#### WHAT IS EXPECTED
Within the listing below, how many lines hold "longleftrightarrow"? Reply with that number and no other text.

#### TASK DATA
(* Assume the vector variational inequality defined by $F$ and $K$ is monotone. (i) If $\mathcal{A}$ and $\mathcal{B}$ are two different connected components of $\mathrm{Sol}^w(F,K)$, then $S^{-1}(\mathcal{A})\cap S^{-1}(\mathcal{B})=\emptyset$. (ii) If $\mathcal{A}$ and $\mathcal{B}$ are two different connected components of $\mathrm{Sol}^{pr}(F,K)$, then $\{\xi\in\operatorname{ri}\Delta: S(\xi)\cap\mathcal{A}\neq\emptyset\}\cap\{\xi\in\operatorname{ri}\Delta: S(\xi)\cap\mathcal{B}\neq\emptyset\}=\emptyset$.
   Context: Let $K\subset\mathbb{R}^n$ be a nonempty closed convex set and $F_1,\dots,F_m:K\to\mathbb{R}^n$ continuous functions; write $F=(F_1,\dots,F_m)$ and $F(x)(u)=(\langle F_1(x),u\rangle,\dots,\langle F_m(x),u\rangle)$. The problem is monotone if each $F_l$ is monotone on $K$: $\langle F_l(y)-F_l(x),y-x\rangle\ge0$ for all $x,y\in K$. Let $\Delta=\{\xi\in\mathbb{R}^m_+ : \sum_l\xi_l=1\}$, $\operatorname{ri}\Delta=\{\xi\in\Delta:\xi_l>0,\ l=1,\dots,m\}$, and $F_\xi=\sum_l\xi_lF_l$. For $G:K\to\mathbb{R}^n$, $\mathrm{Sol}(G,K)=\{x\in K:\langle G(x),y-x\rangle\ge0\ \forall y\in K\}$. The weak Pareto solution set $\mathrm{Sol}^w(F,K)$ is the set of $x\in K$ with $F(x)(x-y)\notin\operatorname{int}\mathbb{R}^m_+$ for all $y\in K$; it is known that $\mathrm{Sol}^w(F,K)=\bigcup_{\xi\in\Delta}\mathrm{Sol}(F_\xi,K)$. The proper Pareto solution set is $\mathrm{Sol}^{pr}(F,K)=\bigcup_{\xi\in\operatorname{ri}\Delta}\mathrm{Sol}(F_\xi,K)$. The basic multifunction is $S(\xi)=\mathrm{Sol}(F_\xi,K)$ for $\xi\in\Delta$, and $S^{-1}(\mathcal{A})=\{\xi\in\Delta:S(\xi)\cap\mathcal{A}\ne\emptyset\}$. *)

theory Defs
  imports "HOL-Analysis.Analysis"
begin

text \<open>Objectives are indexed by a finite type 'm (m = CARD('m)); vectors live in real^'n.\<close>

definition weight_simplex :: "('m::finite \<Rightarrow> real) set" where
  "weight_simplex = {\<xi>. (\<forall>l. 0 \<le> \<xi> l) \<and> (\<Sum>l\<in>UNIV. \<xi> l) = 1}"

definition ri_weight_simplex :: "('m::finite \<Rightarrow> real) set" where
  "ri_weight_simplex = {\<xi>\<in>weight_simplex. \<forall>l. 0 < \<xi> l}"

definition VI_sol :: "(real^'n \<Rightarrow> real^'n) \<Rightarrow> (real^'n) set \<Rightarrow> (real^'n) set" where
  "VI_sol G K = {x\<in>K. \<forall>y\<in>K. inner (G x) (y - x) \<ge> 0}"

definition scal :: "('m::finite \<Rightarrow> real^'n \<Rightarrow> real^'n) \<Rightarrow> ('m \<Rightarrow> real) \<Rightarrow> real^'n \<Rightarrow> real^'n" where
  "scal F \<xi> x = (\<Sum>l\<in>UNIV. \<xi> l *\<^sub>R F l x)"

text \<open>Weak Pareto solutions: F(x)(x-y) not in int R^m_+ (i.e. not all components > 0).\<close>
definition weak_sol :: "('m::finite \<Rightarrow> real^'n \<Rightarrow> real^'n) \<Rightarrow> (real^'n) set \<Rightarrow> (real^'n) set" where
  "weak_sol F K = {x\<in>K. \<forall>y\<in>K. \<not> (\<forall>l. inner (F l x) (x - y) > 0)}"

definition proper_sol :: "('m::finite \<Rightarrow> real^'n \<Rightarrow> real^'n) \<Rightarrow> (real^'n) set \<Rightarrow> (real^'n) set" where
  "proper_sol F K = (\<Union>\<xi>\<in>ri_weight_simplex. VI_sol (scal F \<xi>) K)"

definition basic_S :: "('m::finite \<Rightarrow> real^'n \<Rightarrow> real^'n) \<Rightarrow> (real^'n) set \<Rightarrow> ('m \<Rightarrow> real) \<Rightarrow> (real^'n) set" where
  "basic_S F K \<xi> = VI_sol (scal F \<xi>) K"

definition S_inv :: "('m::finite \<Rightarrow> real^'n \<Rightarrow> real^'n) \<Rightarrow> (real^'n) set \<Rightarrow> (real^'n) set \<Rightarrow> ('m \<Rightarrow> real) set" where
  "S_inv F K A = {\<xi>\<in>weight_simplex. basic_S F K \<xi> \<inter> A \<noteq> {}}"

definition is_component :: "'a::topological_space set \<Rightarrow> 'a set \<Rightarrow> bool" where
  "is_component A X \<longleftrightarrow> (\<exists>x\<in>X. A = connected_component_set X x)"

definition monotone_on_set :: "(real^'n \<Rightarrow> real^'n) \<Rightarrow> (real^'n) set \<Rightarrow> bool" where
  "monotone_on_set G K \<longleftrightarrow> (\<forall>x\<in>K. \<forall>y\<in>K. inner (G y - G x) (y - x) \<ge> 0)"

end

theory Submission
  imports Defs
begin

text \<open>For every weight \<open>\<xi>\<close> the scalarised map \<open>F\<^sub>\<xi>\<close> is monotone and continuous, so by
  Minty's lemma \<open>S(\<xi>)\<close> is an intersection of half-spaces with \<open>K\<close>, hence convex and connected.
  A connected subset of a space meeting two components lies in both, so they coincide.
  Since every \<open>S(\<xi>)\<close> lies in \<open>Sol\<^sup>w(F,K)\<close>, and in \<open>Sol\<^sup>p\<^sup>r(F,K)\<close> when \<open>\<xi> \<in> ri \<Delta>\<close>,
  no weight can hit two different components.\<close>

lemma continuous_on_scal:
  assumes "\<And>l. continuous_on K (F l)"
  shows "continuous_on K (scal F \<xi>)"
  unfolding scal_def[abs_def] by (intro continuous_intros assms)

lemma monotone_on_set_scal:
  assumes "\<And>l. monotone_on_set (F l) K" and "\<And>l. 0 \<le> \<xi> l"
  shows "monotone_on_set (scal F \<xi>) K"
  unfolding monotone_on_set_def
proof (intro ballI)
  fix x y assume "x \<in> K" "y \<in> K"
  have "scal F \<xi> y - scal F \<xi> x = (\<Sum>l\<in>UNIV. \<xi> l *\<^sub>R (F l y - F l x))"
    by (simp add: scal_def sum_subtractf scaleR_right_diff_distrib)
  then have "inner (scal F \<xi> y - scal F \<xi> x) (y - x) = (\<Sum>l\<in>UNIV. \<xi> l * inner (F l y - F l x) (y - x))"
    by (simp add: inner_sum_left)
  also have "\<dots> \<ge> 0"
    using assms \<open>x \<in> K\<close> \<open>y \<in> K\<close> unfolding monotone_on_set_def
    by (intro sum_nonneg mult_nonneg_nonneg) auto
  finally show "inner (scal F \<xi> y - scal F \<xi> x) (y - x) \<ge> 0" .
qed

text \<open>Minty's lemma: test the Minty inequality at \<open>x + t (y - x)\<close> and let \<open>t \<rightarrow> 0\<^sup>+\<close>.\<close>

lemma minty_imp_variational_inequality:
  fixes G :: "'a::real_inner \<Rightarrow> 'a"
  assumes "convex K" and "continuous_on K G" and "x \<in> K" and "y \<in> K"
    and minty: "\<And>z. z \<in> K \<Longrightarrow> inner (G z) (z - x) \<ge> 0"
  shows "inner (G x) (y - x) \<ge> 0"
proof -
  define t where "t n = 1 / (real n + 1)" for n
  define z where "z n = x + t n *\<^sub>R (y - x)" for n
  have t_pos: "0 < t n" and t_le: "t n \<le> 1" for n
    by (simp_all add: t_def)
  have z_in_K: "z n \<in> K" for n
  proof -
    have "z n = (1 - t n) *\<^sub>R x + t n *\<^sub>R y"
      by (simp add: z_def algebra_simps)
    then show ?thesis
      using \<open>convex K\<close> \<open>x \<in> K\<close> \<open>y \<in> K\<close> t_pos[of n] t_le[of n] unfolding convex_alt by simp
  qed
  have "t \<longlonglongrightarrow> 0"
    using LIMSEQ_inverse_real_of_nat unfolding t_def[abs_def] by (simp add: inverse_eq_divide add.commute)
  then have "(\<lambda>n. x + t n *\<^sub>R (y - x)) \<longlonglongrightarrow> x + 0 *\<^sub>R (y - x)"
    by (intro tendsto_intros)
  then have "z \<longlonglongrightarrow> x"
    by (simp add: z_def[abs_def])
  then have "(\<lambda>n. G (z n)) \<longlonglongrightarrow> G x"
    using assms(2,3) z_in_K continuous_on_sequentially[of K G] unfolding o_def by blast
  then have limit: "(\<lambda>n. inner (G (z n)) (y - x)) \<longlonglongrightarrow> inner (G x) (y - x)"
    by (intro tendsto_intros)
  have "inner (G (z n)) (y - x) \<ge> 0" for n
  proof -
    have "0 \<le> inner (G (z n)) (z n - x)"
      using minty z_in_K by blast
    also have "\<dots> = t n * inner (G (z n)) (y - x)"
      by (simp add: z_def)
    finally show ?thesis
      using t_pos[of n] by (simp add: zero_le_mult_iff)
  qed
  then show ?thesis
    by (intro tendsto_lowerbound[OF limit]) auto
qed

lemma VI_sol_eq_minty:
  assumes "convex K" and "continuous_on K G" and "monotone_on_set G K"
  shows "VI_sol G K = K \<inter> (\<Inter>z\<in>K. {x. inner (G z) (z - x) \<ge> 0})"
proof (intro set_eqI iffI)
  fix x assume "x \<in> VI_sol G K"
  then have "x \<in> K" and vi: "\<And>y. y \<in> K \<Longrightarrow> inner (G x) (y - x) \<ge> 0"
    by (auto simp: VI_sol_def)
  have "inner (G z) (z - x) \<ge> 0" if "z \<in> K" for z
  proof -
    have "inner (G z - G x) (z - x) \<ge> 0"
      using \<open>monotone_on_set G K\<close> \<open>x \<in> K\<close> \<open>z \<in> K\<close> by (simp add: monotone_on_set_def)
    then show ?thesis
      using vi[OF \<open>z \<in> K\<close>] by (simp add: inner_diff_left)
  qed
  then show "x \<in> K \<inter> (\<Inter>z\<in>K. {x. inner (G z) (z - x) \<ge> 0})"
    using \<open>x \<in> K\<close> by blast
next
  fix x assume "x \<in> K \<inter> (\<Inter>z\<in>K. {x. inner (G z) (z - x) \<ge> 0})"
  then show "x \<in> VI_sol G K"
    using minty_imp_variational_inequality[OF assms(1,2)] by (auto simp: VI_sol_def)
qed

lemma convex_VI_sol:
  assumes "convex K" and "continuous_on K G" and "monotone_on_set G K"
  shows "convex (VI_sol G K)"
proof -
  have "{x. inner (G z) (z - x) \<ge> 0} = {x. inner (G z) x \<le> inner (G z) z}" for z
    by (auto simp: inner_diff_right)
  then show ?thesis
    unfolding VI_sol_eq_minty[OF assms]
    by (auto intro!: convex_Int convex_INT \<open>convex K\<close> simp: convex_halfspace_le)
qed

lemma convex_basic_S:
  assumes "convex K" and "\<And>l. continuous_on K (F l)" and "\<And>l. monotone_on_set (F l) K"
    and "\<xi> \<in> weight_simplex"
  shows "convex (basic_S F K \<xi>)"
  using assms unfolding basic_S_def weight_simplex_def
  by (intro convex_VI_sol continuous_on_scal monotone_on_set_scal) auto

lemma basic_S_subset_weak_sol:
  assumes "\<xi> \<in> weight_simplex"
  shows "basic_S F K \<xi> \<subseteq> weak_sol F K"
proof
  fix x assume "x \<in> basic_S F K \<xi>"
  then have "x \<in> K" and vi: "\<And>y. y \<in> K \<Longrightarrow> inner (scal F \<xi> x) (y - x) \<ge> 0"
    by (auto simp: basic_S_def VI_sol_def)
  have nonneg: "\<And>l. 0 \<le> \<xi> l" and "(\<Sum>l\<in>UNIV. \<xi> l) = 1"
    using assms by (auto simp: weight_simplex_def)
  then obtain l0 where "\<xi> l0 \<noteq> 0"
    by (metis sum.neutral zero_neq_one)
  have "\<not> (\<forall>l. inner (F l x) (x - y) > 0)" if "y \<in> K" for y
  proof
    assume pos: "\<forall>l. inner (F l x) (x - y) > 0"
    have "0 < (\<Sum>l\<in>UNIV. \<xi> l * inner (F l x) (x - y))"
    proof (rule sum_pos2[of UNIV l0])
      show "0 < \<xi> l0 * inner (F l0 x) (x - y)"
        using \<open>\<xi> l0 \<noteq> 0\<close> nonneg[of l0] pos by (simp add: order_less_le)
    qed (use nonneg pos in \<open>auto intro: mult_nonneg_nonneg less_imp_le\<close>)
    also have "\<dots> = - inner (scal F \<xi> x) (y - x)"
      by (simp add: scal_def inner_sum_left inner_diff_right sum_subtractf right_diff_distrib)
    finally show False
      using vi[OF \<open>y \<in> K\<close>] by simp
  qed
  then show "x \<in> weak_sol F K"
    using \<open>x \<in> K\<close> by (auto simp: weak_sol_def)
qed

lemma basic_S_subset_proper_sol:
  assumes "\<xi> \<in> ri_weight_simplex"
  shows "basic_S F K \<xi> \<subseteq> proper_sol F K"
  using assms unfolding proper_sol_def basic_S_def by blast

lemma is_component_iff_components: "is_component A X \<longleftrightarrow> A \<in> components X"
  by (auto simp: is_component_def components_iff)

lemma connected_subset_meets_one_component:
  assumes "is_component A X" and "is_component B X" and "A \<noteq> B"
    and "connected C" and "C \<subseteq> X" and "C \<inter> A \<noteq> {}"
  shows "C \<inter> B = {}"
proof -
  have "C \<subseteq> A"
    using assms components_maximal[of A X C] by (auto simp: is_component_iff_components)
  moreover have "A \<inter> B = {}"
    using assms components_nonoverlap[of A X B] by (auto simp: is_component_iff_components)
  ultimately show ?thesis by blast
qed

theorem proposition2:
  fixes F :: "'m::finite \<Rightarrow> real^'n \<Rightarrow> real^'n" and K :: "(real^'n) set"
  assumes "K \<noteq> {}" and "closed K" and "convex K"
    and "\<And>l. continuous_on K (F l)"
    and "\<And>l. monotone_on_set (F l) K"
  shows "(\<forall>A B. is_component A (weak_sol F K) \<and> is_component B (weak_sol F K) \<and> A \<noteq> B
              \<longrightarrow> S_inv F K A \<inter> S_inv F K B = {})
       \<and> (\<forall>A B. is_component A (proper_sol F K) \<and> is_component B (proper_sol F K) \<and> A \<noteq> B
              \<longrightarrow> {\<xi>\<in>ri_weight_simplex. basic_S F K \<xi> \<inter> A \<noteq> {}}
                  \<inter> {\<xi>\<in>ri_weight_simplex. basic_S F K \<xi> \<inter> B \<noteq> {}} = {})"
proof (intro conjI allI impI)
  fix A B
  assume "is_component A (weak_sol F K) \<and> is_component B (weak_sol F K) \<and> A \<noteq> B"
  then show "S_inv F K A \<inter> S_inv F K B = {}"
    using connected_subset_meets_one_component[of A _ B, OF _ _ _ convex_connected[OF
        convex_basic_S[OF assms(3-5)]] basic_S_subset_weak_sol]
    by (fastforce simp: S_inv_def)
next
  fix A B
  assume "is_component A (proper_sol F K) \<and> is_component B (proper_sol F K) \<and> A \<noteq> B"
  then show "{\<xi>\<in>ri_weight_simplex. basic_S F K \<xi> \<inter> A \<noteq> {}}
      \<inter> {\<xi>\<in>ri_weight_simplex. basic_S F K \<xi> \<inter> B \<noteq> {}} = {}"
    using connected_subset_meets_one_component[of A _ B, OF _ _ _ convex_connected[OF
        convex_basic_S[OF assms(3-5)]] basic_S_subset_proper_sol]
    by (fastforce simp: ri_weight_simplex_def)
qed

end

#### EXERCISE SOLUTION
3